In 2020, OpenAI published a paper describing GPT-3. The model had been trained on roughly 570 gigabytes of filtered internet text — plus all of English Wikipedia, which accounted for only 3% of the total. The researchers noted, almost in passing, that they had used a dataset called Common Crawl: a publicly available archive of the web containing nearly a trillion words. A trillion. The human brain holds an estimated 2.5 petabytes of information. GPT-3 consumed a meaningful fraction of everything humanity had typed online.
Training data is the collection of examples an AI model studies in order to learn patterns. For a spam filter, it might be thousands of labeled emails — "spam" or "not spam." For an image classifier, it might be millions of photos with category labels. For a large language model like GPT-4, it is essentially a large slice of the written internet plus curated books, academic papers, and code repositories.
The relationship between an AI and its training data is closer than most people realize. The model does not "look up" facts from a database — it has internalized statistical patterns from everything it was trained on. When you ask GPT-4 who wrote Hamlet, it does not query Wikipedia; it produces an answer because it encountered the claim "Shakespeare wrote Hamlet" in countless training documents and learned that this combination of tokens appears reliably together.
This matters because it means the model's knowledge, its biases, its blind spots, and even its personality are all products of what data it saw — and what data it did not see.
OpenAI has not disclosed the full dataset for GPT-4, but analysis and licensing agreements suggest it included Common Crawl snapshots (trillions of tokens), the Books3 dataset (~180,000 digitized books), GitHub code repositories, academic preprints from arXiv, and multilingual web pages.

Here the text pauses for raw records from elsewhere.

lemma funpow_commute_on:
  fixes f g :: "'a \<Rightarrow> 'a"
  assumes "f ` S \<subseteq> S" "\<And>x. x \<in> S \<Longrightarrow> g (f x) = f (g x)" "x \<in> S"
  shows "g ((f ^^ k) x) = (f ^^ k) (g x)"
  using assms(3)
proof (induction k arbitrary: x)
  case (Suc k)
  have "g ((f ^^ Suc k) x) = g ((f ^^ k) (f x))"
    by (simp only: funpow_Suc_right comp_apply)
  also have "\<dots> = (f ^^ k) (g (f x))"
    using assms(1) Suc.prems by (intro Suc.IH) blast
  also have "\<dots> = (f ^^ Suc k) (g x)"
    using assms(2)[OF Suc.prems] by (simp only: funpow_Suc_right comp_apply)
  finally show ?case .
qed simp

context vector_space
begin

lemma card_le_dim_if_finite_span:
  assumes "finite B" "T \<subseteq> span B" "A \<subseteq> T" "independent A"
  shows "card A \<le> dim T"
proof -
  obtain D where D: "D \<subseteq> T" "independent D" "T \<subseteq> span D" "card D = dim T"
    using basis_exists by blast
  have "finite D"
    using independent_span_bound[OF assms(1) D(2)] D(1) assms(2) by blast
  then show ?thesis
    using independent_span_bound[OF _ assms(4)] assms(3) D(3,4) by fastforce
qed

lemma subspace_eq_if_dim_le:
  assumes "finite B" "T \<subseteq> span B" "subspace S" "S \<subseteq> T" "dim T \<le> dim S"
  shows "S = T"
proof (rule ccontr)
  assume "S \<noteq> T"
  then obtain a where a: "a \<in> T" "a \<notin> S"
    using assms(4) by blast
  obtain C where C: "C \<subseteq> S" "independent C" "S \<subseteq> span C" "card C = dim S"
    using basis_exists by blast
  have "finite C"
    using independent_span_bound[OF assms(1) C(2)] C(1) assms(2,4) by blast
  have "a \<notin> span C"
    using span_minimal[OF C(1) assms(3)] a(2) by blast
  have "card (insert a C) \<le> dim T"
  proof (rule card_le_dim_if_finite_span[OF assms(1,2)])
    show "insert a C \<subseteq> T"
      using C(1) assms(4) a(1) by blast
    show "independent (insert a C)"
      using independent_insertI[OF \<open>a \<notin> span C\<close> C(2)] .
  qed
  moreover have "a \<notin> C"
    using \<open>a \<notin> span C\<close> span_base by blast
  then have "card (insert a C) = Suc (dim S)"
    using \<open>finite C\<close> C(4) by simp
  ultimately show False
    using assms(5) by simp
qed

lemma decreasing_subspace_chain_stabilizes:
  assumes "finite B" "S 0 \<subseteq> span B" "\<And>k. subspace (S k)" "\<And>k. S (Suc k) \<subseteq> S k"
  shows "\<exists>k. S (Suc k) = S k"
proof (rule ccontr)
  assume unstable: "\<nexists>k. S (Suc k) = S k"
  have dim_decreasing: "dim (S (Suc k)) < dim (S k)" for k
  proof (rule ccontr)
    assume "\<not> dim (S (Suc k)) < dim (S k)"
    moreover have "S k \<subseteq> span B"
      using lift_Suc_antimono_le[of S 0 k, OF assms(4)] assms(2) by simp
    ultimately have "S (Suc k) = S k"
      using subspace_eq_if_dim_le[OF assms(1) _ assms(3,4)] by simp
    with unstable show False
      by blast
  qed
  have "dim (S k) + k \<le> dim (S 0)" for k
  proof (induction k)
    case (Suc k)
    then show ?case
      using dim_decreasing[of k] by linarith
  qed simp
  from this[of "Suc (dim (S 0))"] show False
    by simp
qed

lemma independent_if_card_le_dim:
  assumes "finite S" "card S \<le> dim S"
  shows "independent S"
proof -
  obtain A where A: "A \<subseteq> S" "independent A" "S \<subseteq> span A"
    using maximal_independent_subset by blast
  then have "A = S"
    using card_seteq[OF assms(1) A(1)] basis_card_eq_dim assms(2) by simp
  then show ?thesis
    using A(2) by simp
qed

lemma inj_on_if_linear_image_eq:
  assumes "Vector_Spaces.linear scale scale f" "finite B" "W \<subseteq> span B" "subspace W"
    and "f ` W = W"
  shows "inj_on f W"
proof -
  interpret f: Vector_Spaces.linear scale scale f by fact
  obtain C where C: "C \<subseteq> W" "independent C" "W \<subseteq> span C" "card C = dim W"
    using basis_exists by blast
  have "finite C"
    using independent_span_bound[OF assms(2) C(2)] C(1) assms(3) by blast
  have span_C: "span C = W"
    using C(3) span_minimal[OF C(1) assms(4)] by blast
  then have span_fC: "span (f ` C) = W"
    using f.span_image assms(5) by simp
  have "card C \<le> card (f ` C)"
    using dim_le_card[of W "f ` C"] span_fC \<open>finite C\<close> C(4) by simp
  then have "card (f ` C) = card C"
    using card_image_le[OF \<open>finite C\<close>, of f] by simp
  then have "inj_on f C" and "independent (f ` C)"
    using eq_card_imp_inj_on[OF \<open>finite C\<close>] independent_if_card_le_dim[of "f ` C"]
      \<open>finite C\<close> span_fC C(4) dim_span[of "f ` C"] by simp_all
  then show ?thesis
    using f.inj_on_span_independent_image span_C by blast
qed

lemma nontrivial_relation_if_finite_span:
  assumes "finite B" "\<And>i. i \<le> card B \<Longrightarrow> v i \<in> span B"
  obtains c where "\<exists>i\<le>card B. c i \<noteq> 0" "(\<Sum>i\<le>card B. scale (c i) (v i)) = 0"
proof (cases "inj_on v {..card B}")
  case True
  have "dependent (v ` {..card B})"
  proof (rule ccontr)
    assume "independent (v ` {..card B})"
    then have "card (v ` {..card B}) \<le> card B"
      using independent_span_bound[OF assms(1)] assms(2) by blast
    then show False
      using card_image[OF True] by simp
  qed
  then obtain u where "\<exists>x\<in>v ` {..card B}. u x \<noteq> 0" "(\<Sum>x\<in>v ` {..card B}. scale (u x) x) = 0"
    using dependent_finite by blast
  then show ?thesis
    using that[of "u \<circ> v"] sum.reindex[OF True, of "\<lambda>x. scale (u x) x"] by auto
next
  case False
  then obtain i j where ij: "i \<le> card B" "j \<le> card B" "i \<noteq> j" "v i = v j"
    by (auto simp: inj_on_def)
  let ?c = "\<lambda>l. (if l = i then 1 else 0) - (if l = j then 1 else (0 :: 'a))"
  show ?thesis
  proof (rule that[of ?c])
    show "\<exists>l\<le>card B. ?c l \<noteq> 0"
      using ij(1,3) by auto
    have "scale (?c l) (v l) = (if l = i then v l else 0) - (if l = j then v l else 0)" for l
      by (simp add: scale_left_diff_distrib)
    then have "(\<Sum>l\<le>card B. scale (?c l) (v l)) = v i - v j"
      using ij(1,2) by (simp add: sum_subtractf)
    then show "(\<Sum>l\<le>card B. scale (?c l) (v l)) = 0"
      using ij(4) by simp
  qed
qed

end

locale linear_endo = vector_space scale
  for scale :: "'k::field \<Rightarrow> 'v::ab_group_add \<Rightarrow> 'v" +
  fixes \<phi> :: "'v \<Rightarrow> 'v"
  assumes linear_endo: "Vector_Spaces.linear scale scale \<phi>"
begin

Researchers at the Allen Institute estimated the training corpus was likely in the range of 13 trillion tokens — roughly 10 trillion words.

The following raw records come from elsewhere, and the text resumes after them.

(* Let $0<q<1/2$, $p=1-q$, $\lambda=q/p$. For each integer $z\ge2$ let $\kappa(z)$ be the unique $\kappa\in(0,+\infty)$ satisfying $$\sum_{j=1}^{z-1}\left(\prod_{i=1}^{j}\left(1-\frac iz\right)\right)\frac{1}{\kappa^j}=\frac{\lambda}{1-\lambda}.$$ Then as $z\to+\infty$, $$\kappa(z)=\frac pq-\frac{p^2}{q(p-q)}\,\frac1z+o(z^{-1}).$$
   Context: The left-hand side is strictly decreasing in $\kappa$ from $+\infty$ to $0$, so $\kappa(z)$ is well defined. *)

theory Defs
  imports "HOL-Analysis.Analysis" "HOL-Library.Landau_Symbols"
begin

definition kappa_lhs :: "nat \<Rightarrow> real \<Rightarrow> real" where
  "kappa_lhs z k = (\<Sum>j=1..z-1. (\<Prod>i=1..j. 1 - real i / real z) * (1 / k ^ j))"

definition kappa :: "real \<Rightarrow> nat \<Rightarrow> real" where
  "kappa lam z = (THE k. k > 0 \<and> kappa_lhs z k = lam / (1 - lam))"

end

theory Submission
  imports Defs
begin

text \<open>
  With \<open>x = 1/k\<close>, the coefficients \<open>a\<^sub>j = \<Prod>i\<le>j. 1 - i/z\<close> satisfy the Bonferroni-type bounds
  \<open>1 - s\<^sub>j \<le> a\<^sub>j \<le> 1 - s\<^sub>j + s\<^sub>j\<^sup>2/2\<close> with \<open>s\<^sub>j = j(j+1)/(2z)\<close>; summing them against \<open>x\<^sup>j\<close>
  gives \<open>L\<^sub>z(k) = 1/(k-1) - k\<^sup>2/(z(k-1)\<^sup>3) + O(1/z\<^sup>2)\<close>, uniformly for \<open>k\<close> bounded away from 1.
  At \<open>k = r - D/z\<close> with \<open>r = p/q\<close> the main term is \<open>1/(r-1) + (D - C)/((r-1)\<^sup>2 z) + o(1/z)\<close>,
  where \<open>C = r\<^sup>2/(r-1)\<close> and \<open>1/(r-1) = \<lambda>/(1-\<lambda>)\<close>. So for \<open>D = C \<plusminus> \<epsilon>\<close> the left-hand side
  eventually lies on opposite sides of \<open>\<lambda>/(1-\<lambda>)\<close>, and monotonicity in \<open>k\<close> traps \<open>\<kappa>(z)\<close>
  between \<open>r - (C + \<epsilon>)/z\<close> and \<open>r - (C - \<epsilon>)/z\<close>.
\<close>

lemma geometric_second_deriv_sums:
  fixes z :: "'a :: {real_normed_field,banach}"
  assumes "norm z < 1"
  shows "(\<lambda>n. of_nat (Suc n) * of_nat (Suc (Suc n)) * z ^ n) sums (2 / (1 - z)^3)"
proof -
  have "(\<lambda>n. diffs (\<lambda>n. of_nat (Suc n)) n * z ^ n) sums (2 / (1 - z)^3)"
  proof (rule termdiffs_sums_strong)
    fix z :: 'a assume "norm z < 1"
    then show "(\<lambda>n. of_nat (Suc n) * z ^ n) sums (1 / (1 - z)^2)"
      by (rule geometric_deriv_sums)
  next
    have "1 - z \<noteq> 0" using assms by auto
    then show "((\<lambda>z. 1 / (1 - z)^2) has_field_derivative 2 / (1 - z)^3) (at z)"
      by (auto intro!: derivative_eq_intros simp: divide_simps power3_eq_cube power2_eq_square)
  qed (use assms in simp)
  then show ?thesis unfolding diffs_def by (simp add: mult.commute)
qed

lemma sums_of_nat_mult_Suc_power:
  fixes x :: real
  assumes "\<bar>x\<bar> < 1"
  shows "(\<lambda>n. real n * (real n + 1) * x ^ n) sums (2 * x / (1 - x)^3)"
proof -
  have "(\<lambda>n. x * (real (Suc n) * real (Suc (Suc n)) * x ^ n)) sums (x * (2 / (1 - x)^3))"
    using geometric_second_deriv_sums[of x] assms by (intro sums_mult) simp
  then have "(\<lambda>n. real (Suc n) * (real (Suc n) + 1) * x ^ Suc n) sums (2 * x / (1 - x)^3)"
    by (simp add: algebra_simps)
  then show ?thesis
    using sums_Suc_iff[of "\<lambda>n. real n * (real n + 1) * x ^ n"] by simp
qed

lemma summable_real_power_mult_power:
  fixes x :: real
  assumes "\<bar>x\<bar> < 1"
  shows "summable (\<lambda>n. real n ^ m * x ^ n)"
  using assms
proof (induction m arbitrary: x)
  case 0
  then show ?case by (simp add: summable_geometric)
next
  case (Suc m)
  have "summable (\<lambda>n. diffs (\<lambda>n. real n ^ m) n * \<bar>x\<bar> ^ n)"
    by (rule termdiff_converges[where K=1]) (use Suc in auto)
  then have "summable (\<lambda>n. real (Suc n) ^ Suc m * \<bar>x\<bar> ^ n)"
    by (simp add: diffs_def)
  then show ?case
  proof (rule summable_comparison_test')
    fix n :: nat
    have "real n ^ Suc m \<le> real (Suc n) ^ Suc m"
      by (rule power_mono) auto
    then show "norm (real n ^ Suc m * x ^ n) \<le> real (Suc n) ^ Suc m * \<bar>x\<bar> ^ n"
      by (simp add: abs_mult power_abs mult_right_mono del: of_nat_Suc)
  qed
qed

lemma prod_one_minus_ge_one_minus_sum:
  fixes t :: "'a \<Rightarrow> real"
  assumes "finite I" "\<And>i. i \<in> I \<Longrightarrow> 0 \<le> t i \<and> t i \<le> 1"
  shows "1 - sum t I \<le> (\<Prod>i\<in>I. 1 - t i)"
  using assms
proof (induction I rule: finite_induct)
  case (insert i I)
  let ?S = "sum t I" and ?P = "\<Prod>i\<in>I. 1 - t i"
  have t: "0 \<le> t i" "t i \<le> 1" "0 \<le> ?S" using insert.prems by (auto intro: sum_nonneg)
  have "1 - (t i + ?S) \<le> (1 - t i) * (1 - ?S)" using t by (simp add: algebra_simps)
  also have "\<dots> \<le> (1 - t i) * ?P" using insert t by (intro mult_left_mono) auto
  finally show ?case using insert by simp
qed simp

lemma prod_one_minus_le:
  fixes t :: "'a \<Rightarrow> real"
  assumes "finite I" "\<And>i. i \<in> I \<Longrightarrow> 0 \<le> t i \<and> t i \<le> 1"
  shows "(\<Prod>i\<in>I. 1 - t i) \<le> 1 - sum t I + (sum t I)^2 / 2"
  using assms
proof (induction I rule: finite_induct)
  case (insert i I)
  let ?S = "sum t I" and ?P = "\<Prod>i\<in>I. 1 - t i"
  have t: "0 \<le> t i" "t i \<le> 1" "0 \<le> ?S" using insert.prems by (auto intro: sum_nonneg)
  have "(1 - t i) * ?P \<le> (1 - t i) * (1 - ?S + ?S^2 / 2)" using insert t by (intro mult_left_mono) auto
  also have "\<dots> = 1 - (t i + ?S) + (t i + ?S)^2 / 2 - (t i^2 / 2 + ?S^2 * t i / 2)"
    by (simp add: power2_eq_square algebra_simps add_divide_distrib diff_divide_distrib)
  also have "\<dots> \<le> 1 - (t i + ?S) + (t i + ?S)^2 / 2"
    using t by simp (meson mult_nonneg_nonneg neg_le_0_iff_le order_trans zero_le_power2)
  finally show ?case using insert by simp
qed simp

definition kappa_coeff :: "nat \<Rightarrow> nat \<Rightarrow> real" where
  "kappa_coeff z j = (\<Prod>i=1..j. 1 - real i / real z)"

lemma kappa_coeff_eq_0: "1 \<le> z \<Longrightarrow> z \<le> j \<Longrightarrow> kappa_coeff z j = 0"
  unfolding kappa_coeff_def by (intro prod_zero) (auto intro!: bexI[of _ z])

lemma kappa_coeff_bounds:
  fixes z j :: nat
  assumes "1 \<le> z"
  defines "s \<equiv> real j * (real j + 1) / (2 * real z)"
  shows "1 - s \<le> kappa_coeff z j" and "kappa_coeff z j \<le> 1 - s + s^2 / 2"
proof -
  have "1 - s \<le> kappa_coeff z j \<and> kappa_coeff z j \<le> 1 - s + s^2 / 2"
  proof (cases "j \<le> z")
    case True
    have gauss: "(\<Sum>i=1..j. real i) = real j * (real j + 1) / 2"
      using double_gauss_sum_from_Suc_0[of j, where ?'a = real] by simp
    have "s = (\<Sum>i=1..j. real i / real z)"
      unfolding s_def sum_divide_distrib[symmetric] gauss by simp
    moreover have "0 \<le> real i / real z \<and> real i / real z \<le> 1" if "i \<in> {1..j}" for i
      using that True by auto
    ultimately show ?thesis
      unfolding kappa_coeff_def
      using prod_one_minus_ge_one_minus_sum prod_one_minus_le by (metis finite_atLeastAtMost)
  next
    case False
    have "2 * real z \<le> real j * (real j + 1)"
      using False assms by (simp add: power2_eq_square) (intro mult_mono; simp)
    then have "1 \<le> s" using assms unfolding s_def by simp
    moreover have "0 \<le> ((s - 1)^2 + 1) / 2" by simp
    ultimately show ?thesis
      using kappa_coeff_eq_0[OF assms(1)] False by (simp add: power2_eq_square algebra_simps)
  qed
  then show "1 - s \<le> kappa_coeff z j" and "kappa_coeff z j \<le> 1 - s + s^2 / 2" by auto
qed

definition kappa_lhs_approx :: "nat \<Rightarrow> real \<Rightarrow> real" where
  "kappa_lhs_approx z k = 1 / (k - 1) - k^2 / (real z * (k - 1)^3)"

Volume: More data generally — but not always — produces better models. Google's 2017 paper "Attention Is All You Need" introduced the Transformer architecture, but the resulting models were modest. What changed performance dramatically was scale. When researchers at Chinchilla (DeepMind, 2022) studied optimal training, they found most large models were actually undertrained — they had more parameters than their data could effectively teach.
Diversity: A model trained only on formal academic English will fail at casual conversation, slang, code, and foreign languages. The diversity of sources in a training set determines how broadly capable the model becomes. This is why Common Crawl — messy, multi-language, multi-genre web text — is so valuable despite (and partly because of) its noise.

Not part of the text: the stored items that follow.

lemma ret_P_injective_inverse:
  assumes M: "submod M" and N: "submod N" and \<phi>: "ret_P M N \<phi>"
    and inj: "\<And>v. v \<in> M \<Longrightarrow> \<phi> v = 0 \<Longrightarrow> v = 0"
  obtains \<psi> where "\<psi> \<in> hom N M" "\<psi> \<circ> \<phi> = idm M" "\<phi> \<circ> \<psi> = idm N"
proof -
  obtain \<psi> where \<psi>: "\<psi> \<in> hom N M" and \<phi>\<psi>: "\<phi> \<circ> \<psi> = idm N"
    using \<phi> by (auto simp: ret_P_def)
  have \<phi>_hom: "\<phi> \<in> hom M N" using \<phi> by (simp add: ret_P_def)
  have "\<psi> \<circ> \<phi> = idm M"
  proof (rule hom_eq_idmI[OF hom_comp[OF \<phi>_hom \<psi> N]])
    fix v assume v: "v \<in> M"
    have \<psi>\<phi>v: "\<psi> (\<phi> v) \<in> M" by (rule hom_in[OF \<psi> hom_in[OF \<phi>_hom v]])
    have "\<phi> (\<psi> (\<phi> v) - v) = 0"
      using hom_diff[OF \<phi>_hom M \<psi>\<phi>v v] comp_eq_idmD[OF \<phi>\<psi> hom_in[OF \<phi>_hom v]] by simp
    then have "\<psi> (\<phi> v) - v = 0"
      using inj submod_diff[OF M \<psi>\<phi>v v] by blast
    then show "(\<psi> \<circ> \<phi>) v = v" by simp
  qed
  then show thesis using that \<psi> \<phi>\<psi> by blast
qed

Quality: More data is not always better data. Common Crawl contains spam, misinformation, repetitive SEO content, and hate speech alongside genuine information. Every major AI lab employs substantial filtering pipelines. Meta's LLaMA 2 (2023) paper described deduplification, quality filtering, and the removal of known toxic content before training — yet researchers still found problematic outputs.
Common Crawl is a nonprofit that has been crawling the public web since 2008. As of 2024 it holds over 250 billion web pages. Because it is free and enormous, it has become the backbone of nearly every major language model's training set. This means that most large AI systems share a common ancestor — they have all read much of the same internet.
In 2023, a team at the University of Washington analyzed Common Crawl and found that despite filtering, roughly 8.5% of the corpus consisted of machine-generated text — AI writing earlier AI systems had already produced. This creates a feedback loop: models trained on AI-generated text learn to produce text that sounds like AI-generated text, which then enters future datasets.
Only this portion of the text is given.